Naast de door de AP geadviseerde wettelijke grondslag, stel ik zelf nog twee voorwaarden
voor de landelijke introductie, te weten: positieve uitkomsten van het vervolg van
de praktijktest (waarover ik u in mijn brief van 16 juli informeerde) en positieve
uitkomsten van een gezamenlijke uitvoeringstoets met de GGD-en op de effecten van
de introductie van CoronaMelder (zoals in mijn brief van 6 augustus gemeld4).

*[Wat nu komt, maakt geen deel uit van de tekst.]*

text \<open>The congruence rule for transition abstraction erases
  the bound variable from the label, matching erase_nesting_words_open_tr.\<close>
lemma red_label_nesting_word: "red M T N \<Longrightarrow> \<exists>w \<in> nesting_words M. T = preduce w"
proof (induction rule: red.induct)
  case (R_Beta t M N)
  show ?case using Nil_in_nesting_words by force
next
  case (R_TBeta M B)
  show ?case using Nil_in_nesting_words by force
next
  case (R_QU a M)
  show ?case by (rule bexI[where x = "[(a, True)]"]) (auto simp: Nil_in_nesting_words)
next
  case (R_Quo M T M' a)
  then obtain w where "w \<in> nesting_words M" "T = preduce w" by blast
  then show ?case by (intro bexI[where x = "(a, False) # w"]) (simp_all add: pmult_def)
next
  case (R_Unq M T M' a)
  then obtain w where "w \<in> nesting_words M" "T = preduce w" by blast
  then show ?case by (intro bexI[where x = "(a, True) # w"]) (simp_all add: pmult_def)
next
  case (R_TLam a M M' T)
  then obtain w where w: "w \<in> nesting_words (open_tr 0 [TF a] M)" "T = preduce w" by blast
  have "perase a T = preduce (filter (\<lambda>l. fst l \<noteq> a) w)"
    using w(2) unfolding perase_def by (simp add: filter_preduce)
  moreover have "filter (\<lambda>l. fst l \<noteq> a) w \<in> nesting_words (TLam M)"
    using erase_nesting_words_open_tr[OF R_TLam.hyps(1), of 0] w(1) by auto
  ultimately show ?case by blast
qed (auto simp: nesting_words_open_tm)

text \<open>Quotation extends the stage by alpha, unquotation cancels the last alpha of
  the stage, and generalisation is handled by erasing the fresh variable.\<close>
lemma typing_stage_positive:
  "typing G A M t \<Longrightarrow> w \<in> nesting_words M \<Longrightarrow> positive (preduce (pos A @ w))"
proof (induction arbitrary: w rule: typing.induct)
  case (T_Abs x G M t A s)
  then show ?case by (simp add: nesting_words_open_tm)
next
  case (T_Quote G A a M t)
  then consider "w = []" | w0 where "w = (a, False) # w0" "w0 \<in> nesting_words M" by auto
  then show ?case
  proof cases
    case 2
    then have "pos A @ w = pos (A @ [a]) @ w0" by (simp add: pos_def)
    then show ?thesis using T_Quote.IH[OF 2(2)] by (simp only:)
  qed (auto simp: positive_def preduce_pos)
next
  case (T_Unquote G A M a t)
  then consider "w = []" | w0 where "w = (a, True) # w0" "w0 \<in> nesting_words M" by auto
  then show ?case
  proof cases
    case 1
    then show ?thesis by (auto simp: positive_def preduce_pos)
  next
    case 2
    then have "preduce (pos (A @ [a]) @ w) = preduce (pos A @ w0)"
      using preduce_cancel[of "pos A" a False w0] by (simp add: pos_def)
    then show ?thesis using T_Unquote.IH 2 by simp
  qed
next
  case (T_Gen a G A M t)
  \<comment> \<open>open the body with the fresh alpha, use the hypothesis there and erase
    alpha again; A does not mention alpha, so it survives the erasure\<close>
  let ?erase = "filter (\<lambda>l. fst l \<noteq> a)"
  have "w \<in> ?erase ` nesting_words (open_tr 0 [TF a] M)"
    using erase_nesting_words_open_tr[OF T_Gen.hyps(3), of 0] T_Gen.prems by simp
  then obtain w' where w': "w' \<in> nesting_words (open_tr 0 [TF a] M)" "?erase w' = w"
    by blast
  obtain B where B: "preduce (pos A @ w') = pos B"
    using T_Gen.IH[OF w'(1)] by (auto simp: positive_def)
  have "filter (\<lambda>b. b \<noteq> a) A = A"
    using T_Gen.hyps(2) by (auto simp: filter_id_conv)
  then have "?erase (pos A) = pos A"
    by (simp only: filter_pos)
  then have "preduce (pos A @ w) = preduce (?erase (pos A @ w'))"
    using w'(2) by simp
  also have "\<dots> = preduce (?erase (preduce (pos A @ w')))"
    by (rule filter_preduce[symmetric]) auto
  also have "\<dots> = pos (filter (\<lambda>b. b \<noteq> a) B)"
    by (simp only: B filter_pos preduce_pos)
  finally show ?case by (auto simp: positive_def)
qed (auto simp: positive_def preduce_pos)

Ik ga hierover graag op korte termijn met uw Kamer in gesprek. Ik ben uiteraard bereid
dit vooraf te laten gaan door een technische briefing waarin u zich door de inhoudelijk
experts over de (technische) keuzes en uitwerking van CoronaMelder kunt laten informeren.
Vervolg praktijktest
Zoals in mijn brief van 16 juli aangekondigd, is vandaag (17 augustus 2020) het vervolg
van de praktijktest gestart. Deze praktijktest zal lopen tot de landelijke introductie
van CoronaMelder. In vijf GGD-regio’s5 wordt de werking van de app in de praktijk van de GGD getest. De GGD-en kunnen zo
ervaring op doen met het implementeren van het nieuwe werkproces. Zo wordt de werkwijze
getest en kunnen verbeterpunten worden aandragen voorafgaand aan landelijke introductie.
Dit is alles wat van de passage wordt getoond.